ГЛАВА 24 СРЕДСТВА, ПРИМЕНЯЕМЫЕ ПРИ АТЕРОСКЛЕРОЗЕ

Атеросклероз - нарушение липидного обмена, характеризующееся отложением ХС и его эфиров в интиме сосудов в виде атеросклеротических бляшек. Атеросклеротические изменения чаще всего отме- чают в артериях крупного и среднего калибра (аорта, коронарные, головного мозга, реже - нижних конечностей). В результате развивается существенное ухудшение регионарного кровотока. Атеросклероз приводит к ишемической болезни сердца, нарушениям мозгового кровообращения и другим осложнениям со стороны сердечно-сосудистой системы (рис. 24-1).

Рис. 24-1. Липидный обмен

ХС, ФЛ и триглицериды (ТГ) - важнейшие субъекты липидного обмена. ФЛ - основной компонент клеточных мембран, ТГ - источник энергии, депонируются они в адипоцитах. ХС используется в организме при синтезе клеточных мембран, из него образуются стероидные гормоны, а также желчные кислоты, участвующие в эмульгировании и всасывании из кишечника алиментарных жиров. Основным органом, регулирующим обмен ХС, служит печень. Аккумулируемый в ней ХС поступает из следующих источников: за счет всасывания экзогенного (алиментарного) ХС из кишечника, синтеза ХС de novo в гепатоцитах, повторного всасывания из кишечника желчных кислот (энтерогепатическая циркуляция желчных кислот), захвата рецепторами гепатоцитов содержащих ХС липопротеинов из плазмы крови. Всасывание экзогенного ХС происходит в энтероцитах при помощи специальной транспортной системы NPC1L1 (белок, подобный белку Нимана - Пика С1), (рис. 24-4). Синтез ХС в печени осуществляется из ацетилкоэнзима А при участии фермента 3-гидрокси-3-метилглутарил-коэнзим А редуктазы (ГМГ-Ко А редуктазы).
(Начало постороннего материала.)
(* Let $(\Re, S, V)$ be a $V$-complete vector $S$-metric space, where $V$ is Archimedean. Let $K:\Re\to\Re$ be a map such that $K^2=K\circ K$ is continuous, and let $f:\Re\to\Re$ be a map commuting with $K$ (i.e. $fK=Kf$). Suppose: (i) $fK(\Re)\subseteq K^2(\Re)$; (ii) there is a constant $q\in[0,\tfrac13)$ such that for all $x,y\in\Re$, \[ S(fx,fx,fy)\preceq q\,U(x,x,y) \] for some \[ U(x,x,y)\in\Big\{S(Kx,Kx,Ky),\ S(Kx,Kx,fx),\ S(Ky,Ky,fy),\ \tfrac13\big[S(Kx,Kx,fy)+S(Ky,Ky,fx)\big]\Big\}; \] (iii) $K(\Re)$ or $f(\Re)$ is $V$-complete as a subspace of $\Re$. Then $K$ and $f$ have a unique common fixed point.
   Context: A vector lattice (Riesz space) $V$ is a real vector space with a partial order $\preceq$ compatible with the linear structure ($p_1 \preceq p_2 \Rightarrow p_1+p_3 \preceq p_2+p_3$ and $\omega p_1 \preceq \omega p_2$ for real $\omega>0$) in which every two-element set has a supremum and an infimum. $V$ is Archimedean if $\inf\{\tfrac{1}{m}v : m \in \mathbb{N}\} = 0$ for every $v \in V^+=\{v\in V: v\succeq 0\}$. For a sequence $(\mu_n)$ in $V$, $\mu_n \downarrow 0$ means $(\mu_n)$ is decreasing with $\inf_n \mu_n = 0$. A vector $S$-metric on a nonempty set $\Re$ is a map $S:\Re\times\Re\times\Re\to V$ such that for all $x,y,z,a\in\Re$: (a) $S(x,y,z)\succeq 0$; (b) $S(x,y,z)=0$ iff $x=y=z$; (c) $S(x,y,z)\preceq S(x,y,a)+S(y,y,a)+S(z,z,a)$. The triple $(\Re,S,V)$ is a vector $S$-metric space. A sequence $(x_n)$ in $\Re$ $V$-converges to $x\in\Re$ (written $x_n \xrightarrow{S,V} x$) if there is a sequence $(\mu_n)$ in $V$ with $\mu_n\downarrow 0$ and $S(x_n,x_n,x)\preceq \mu_n$ for all $n$. It is $V$-Cauchy if there is $(\mu_n)$ in $V$ with $\mu_n\downarrow 0$ and $S(x_n,x_n,x_{n+q})\preceq\mu_n$ for all $n$ and all $q$. The space (or a subset of it) is $V$-complete if every $V$-Cauchy sequence in it $V$-converges to a limit in it. A map $T:\Re\to\Re$ is continuous if $x_n\xrightarrow{S,V}x$ implies $Tx_n\xrightarrow{S,V}Tx$. *)

theory Defs
  imports Main "HOL-Analysis.Analysis"
begin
Захват ХС из плазмы крови происходит путем рецепторозависимого эндоцитоза циркулирующих липопротеинов (рис. 24-3). Этот процесс в мембранах гепатоцитов обеспечивают липопротеиновые рецепторы. Их плотность вариабельна и зависит от потребности гепатоцитов в ХС. При истощении депо ХС в печени плотность липопротеиновых рецепторов в гепатоцитах увеличивается, что активирует захват содержащих ХС липопротеинов из плазмы крови.

Высоколипофильные ХС, ФЛ и ТГ перемещаются в организме с помощью специальных транспортных структур - липопротеинов. Существует несколько типов липопротеинов, которые имеют принципиально сходное строение (рис. 24-2), но обладают неодинаковыми свойствами (табл. 24-1). Различия в свойствах липопротеинов в значительной степени определяются содержащимися на их поверхности аполипопротеинами (Апо), служащими «опознавательными элементами» разных классов липопротеинов.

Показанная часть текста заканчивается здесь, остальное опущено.